Il a par ailleurs salué l’approche adoptée par les équipes d’Expertise France, insistant sur la dimension humaine de la coopération et sur leur disponibilité à accompagner les professionnels guinéens.
La France mise sur le renforcement des compétences
Représentant l’ambassadeur de France, Luc Briard, Christine Battesti, conseillère chargée de la coopération et de l’action culturelle, a souligné que la numérisation constitue l’aboutissement d’un travail beaucoup plus vaste.
Avant de mettre les collections en ligne, il fallait d’abord les connaître, les identifier, les documenter et évaluer leur état de conservation.
Cette démarche intervient alors que se profile également le projet de rénovation du Musée national de Guinée, soutenu par l’Agence française de développement à hauteur de 16 millions d’euros, selon les responsables du projet.
Pour la partie française, la formation des professionnels constitue ainsi l’un des acquis majeurs de cette coopération. Elle doit permettre au secteur culturel guinéen de disposer progressivement d’un réseau de spécialistes capables d’assurer la conservation, la documentation et la valorisation numérique des collections.
31 professionnels récompensés
La cérémonie de clôture a été marquée par la remise d’attestations aux 31 cadres et agents ayant participé aux formations.
Un moment symbolique qui vient consacrer plusieurs mois d’apprentissage et de travail autour d’un même objectif : mieux protéger et transmettre le patrimoine culturel guinéen.
La journée a également été marquée par la signature d’un Mémorandum d’entente entre le Musée national de Guinée, la Bibliothèque nationale et les Archives nationales de Guinée.
Cet accord doit désormais servir de cadre à une collaboration plus structurée entre ces institutions. Il prévoit notamment le partage d’expertises, la mutualisation des ressources informatiques et documentaires ainsi que la mise en œuvre de projets communs de recherche et de valorisation.

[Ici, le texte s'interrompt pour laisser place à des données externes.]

lemma asymp_cone_ray_in:
  fixes X :: "'a::euclidean_space set"
  assumes "convex X" and "closed X" and x0: "x0 \<in> X"
    and "d \<in> asymp_cone X" and s: "0 \<le> s"
  shows "x0 + s *\<^sub>R d \<in> X"
proof -
  obtain t x where t: "filterlim t at_top sequentially" and xX: "\<And>k. x k \<in> X"
    and x: "(\<lambda>k. x k /\<^sub>R t k) \<longlonglongrightarrow> d"
    using \<open>d \<in> asymp_cone X\<close> unfolding asymp_cone_def by blast
  have "eventually (\<lambda>k. (1 - s / t k) *\<^sub>R x0 + (s / t k) *\<^sub>R x k \<in> X) sequentially"
    using t unfolding filterlim_at_top_dense
  proof (rule eventually_mono[OF spec[of _ "max s 0"]])
    fix k assume "max s 0 < t k"
    then have "0 \<le> s / t k" "s / t k \<le> 1" using s by auto
    then show "(1 - s / t k) *\<^sub>R x0 + (s / t k) *\<^sub>R x k \<in> X"
      by (rule convexD_alt[OF \<open>convex X\<close> x0 xX])
  qed
  then show ?thesis
    by (rule Lim_in_closed_set[OF \<open>closed X\<close> _ sequentially_bot tendsto_convex_comb_along_ray[OF t x]])
qed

« Les différentes pièces d’un même puzzle »
Au nom du ministre de la Culture, du Tourisme et de l’Artisanat, Moussa Moïse Sylla, le secrétaire général du département, Youssouf Boundou Sylla, a salué le travail accompli par l’ensemble des acteurs.
Pour lui, la transformation numérique du patrimoine ne doit pas être réduite à une simple opération technique. Elle constitue un outil de conservation, de sécurisation et d’accessibilité de la mémoire collective.

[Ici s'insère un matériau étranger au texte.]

lemma total_dominating_cycle_graph:
  assumes "4 dvd m"
  shows "total_dominating (cycle_graph m) (cycle_dominating_set m)"
  unfolding total_dominating_def
proof (intro conjI ballI)
  show "cycle_dominating_set m \<subseteq> verts (cycle_graph m)"
    unfolding cycle_dominating_set_def verts_cycle_graph by auto
next
  fix i assume "i \<in> verts (cycle_graph m)"
  then have i: "i < m" by (simp add: verts_cycle_graph)
  obtain q where q: "m = 4 * q" using assms by blast
  show "\<exists>a \<in> cycle_dominating_set m. adj (cycle_graph m) i a"
  proof (cases "i mod 4 < 2")
    case True
    then have "i + 1 < m" "(i + 1) mod 4 = 1 \<or> (i + 1) mod 4 = 2" using i q by presburger+
    then show ?thesis
      unfolding cycle_dominating_set_def adj_cycle_graph using i by (intro bexI[of _ "i + 1"]) auto
  next
    case False
    then obtain j where j: "i = j + 1" by (cases i) auto
    with False have "j mod 4 = 1 \<or> j mod 4 = 2" by presburger
    then show ?thesis
      unfolding cycle_dominating_set_def adj_cycle_graph using i j by (intro bexI[of _ j]) auto
  qed
qed

subsection \<open>Complete bipartite graphs\<close>

lemma verts_complete_bipartite: "verts (complete_bipartite t) = UNIV \<times> {..<t}"
  unfolding verts_def complete_bipartite_def by auto

lemma adj_complete_bipartite:
  "adj (complete_bipartite t) x y \<longleftrightarrow> snd x < t \<and> snd y < t \<and> fst x \<noteq> fst y"
  unfolding adj_def complete_bipartite_def by auto

lemma sym_graph_complete_bipartite: "sym_graph (complete_bipartite t)"
  unfolding sym_graph_def adj_complete_bipartite by auto

lemma max_degree_le_complete_bipartite: "max_degree_le (complete_bipartite t) t"
  unfolding max_degree_le_def
proof
  fix x :: "bool \<times> nat"
  have "{y. adj (complete_bipartite t) x y} \<subseteq> {\<not> fst x} \<times> {..<t}"
    by (auto simp: adj_complete_bipartite)
  from card_mono[OF _ this] show "card {y. adj (complete_bipartite t) x y} \<le> t"
    by (simp add: card_cartesian_product)
qed

lemma total_dominating_complete_bipartite:
  "0 < t \<Longrightarrow> total_dominating (complete_bipartite t) {(False, 0), (True, 0)}"
  unfolding total_dominating_def verts_complete_bipartite adj_complete_bipartite by auto

subsection \<open>Prisms\<close>

lemma verts_cartesian_prod: "verts (cartesian_prod G H) = verts G \<times> verts H"
  unfolding cartesian_prod_def verts_def by simp

lemma adj_cartesian_prod:
  "adj (cartesian_prod G H) (g, h) (g', h') \<longleftrightarrow>
     (g = g' \<and> g \<in> verts G \<and> adj H h h') \<or> (h = h' \<and> h \<in> verts H \<and> adj G g g')"
  unfolding cartesian_prod_def adj_def verts_def by auto

lemma sym_graph_cartesian_prod:
  "sym_graph G \<Longrightarrow> sym_graph H \<Longrightarrow> sym_graph (cartesian_prod G H)"
  unfolding sym_graph_def by (auto simp: adj_cartesian_prod)

lemma max_degree_le_cartesian_prod:
  assumes "finite (verts G)" "finite (verts H)" "max_degree_le G a" "max_degree_le H b"
  shows "max_degree_le (cartesian_prod G H) (a + b)"
  unfolding max_degree_le_def
proof
  fix v :: "'a \<times> 'b"
  obtain g h where v: "v = (g, h)" by (cases v)
  let ?A = "{g} \<times> {y. adj H h y}" and ?B = "{x. adj G g x} \<times> {h}"
  have "{u. adj (cartesian_prod G H) v u} \<subseteq> ?A \<union> ?B"
    using v by (auto simp: adj_cartesian_prod)
  moreover have "finite (?A \<union> ?B)" using assms(1,2) by (simp add: finite_neighbours)
  ultimately have "card {u. adj (cartesian_prod G H) v u} \<le> card (?A \<union> ?B)"
    by (simp add: card_mono)
  also have "\<dots> \<le> card ?A + card ?B" by (rule card_Un_le)
  also have "\<dots> \<le> a + b"
    using assms(3,4) unfolding max_degree_le_def
    by (simp add: card_cartesian_product add.commute add_mono)
  finally show "card {u. adj (cartesian_prod G H) v u} \<le> a + b" .
qed

lemma verts_K2: "verts K2 = {0, 1}"
  unfolding verts_def K2_def by simp

lemma adj_K2: "adj K2 i j \<longleftrightarrow> i \<in> {0, 1} \<and> j \<in> {0, 1} \<and> i \<noteq> j"
  unfolding adj_def K2_def by auto

lemma sym_graph_K2: "sym_graph K2"
  unfolding sym_graph_def adj_K2 by auto

lemma max_degree_le_K2: "max_degree_le K2 1"
  unfolding max_degree_le_def
proof
  fix i
  have "{j. adj K2 i j} \<subseteq> {1 - i}" by (auto simp: adj_K2)
  from card_mono[OF _ this] show "card {j. adj K2 i j} \<le> 1" by simp
qed

lemma verts_prism: "verts (prism k) = {..<k} \<times> {0, 1}"
  unfolding prism_def by (simp add: verts_cartesian_prod verts_cycle_graph verts_K2)

lemma sym_graph_prism: "sym_graph (prism k)"
  unfolding prism_def by (intro sym_graph_cartesian_prod sym_graph_cycle_graph sym_graph_K2)

lemma max_degree_le_prism: "max_degree_le (prism k) 3"
  using max_degree_le_cartesian_prod[OF _ _ max_degree_le_cycle_graph max_degree_le_K2]
  unfolding prism_def by (simp add: verts_cycle_graph verts_K2)

definition prism_dominating_set :: "nat \<Rightarrow> (nat \<times> nat) set" where
  "prism_dominating_set k = {i. i < k \<and> i mod 3 = 1} \<times> {0, 1}"

lemma card_prism_dominating_set: "card (prism_dominating_set (3 * r)) = 2 * r"
proof -
  have "card {i. i < 3 * r \<and> i mod 3 \<in> {1}} = r * card {1 :: nat}"
    by (rule card_residues_below) auto
  then show ?thesis unfolding prism_dominating_set_def by (simp add: card_cartesian_product)
qed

Archives, livres, manuscrits, objets et œuvres doivent, selon lui, être considérés comme les composantes d’un même ensemble : l’histoire et l’identité de la Guinée.

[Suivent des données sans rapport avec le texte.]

(* For every $x\in\Gamma^\circ$ and $i\in\{0,1\}$, the map $(s,t)\mapsto\Psi_i^{(s,t)}(x)$ is a diffeomorphism from $R_i(x)$ onto its image $\Psi_i^{R_i(x)}(x)$, and from $L_i(x)$ onto its image $\Psi_i^{L_i(x)}(x)$.
   Context: Fix $\alpha>\beta>0$. For $i\in\{0,1\}$ let $\Phi_i^t(x_1,x_2)=(i+(x_1-i)e^{-\alpha t},\, i+(x_2-i)e^{-\beta t})$ ($t\in\mathbb{R}$) and $\Psi_i^t=\Phi_i^{-t}$. For $s,t>0$ set $\Psi_i^{(s,t)}=(\Phi_i^t\circ\Phi_{1-i}^s)^{-1}=\Psi_{1-i}^s\circ\Psi_i^t$. Let $\Gamma=\{(x_1,x_2): 0\le x_2\le1,\ x_2^{\alpha/\beta}\le x_1\le 1-(1-x_2)^{\alpha/\beta}\}$, $\Gamma^\circ$ its interior, $\Gamma_r=\{x\in\Gamma^\circ: x_1>x_2\}$, $\Gamma_l=\{x\in\Gamma^\circ:x_1<x_2\}$. For $x\in\Gamma^\circ$ let $T_i^2(x)=\{(s,t)\in(0,\infty)^2:\Psi_i^{(s,t)}(x)\in\Gamma^\circ\}$, $R_i(x)=\{(s,t)\in T_i^2(x):\Psi_i^t(x)\in\Gamma_r\}$ and $L_i(x)=\{(s,t)\in T_i^2(x):\Psi_i^t(x)\in\Gamma_l\}$; $\Psi_i^{A}(x)$ denotes $\{\Psi_i^{(s,t)}(x):(s,t)\in A\}$. *)

theory Defs
  imports "HOL-Analysis.Analysis"
begin

definition Phi :: "real \<Rightarrow> real \<Rightarrow> real \<Rightarrow> real \<Rightarrow> real \<times> real \<Rightarrow> real \<times> real" where
  "Phi al be i t x = (i + (fst x - i) * exp (- al * t), i + (snd x - i) * exp (- be * t))"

Le secrétaire général a ainsi appelé à une mise en œuvre rapide et concrète du Mémorandum signé, afin que cette coopération dépasse le cadre de la cérémonie et produise des résultats durables sur le terrain.
Avec le « Musée virtuel de Guinée », le pays entend désormais conjuguer patrimoine et innovation. Une manière de faire entrer ses collections dans l’ère numérique tout en donnant aux générations futures de nouveaux moyens d’accéder aux traces matérielles et immatérielles de leur histoire.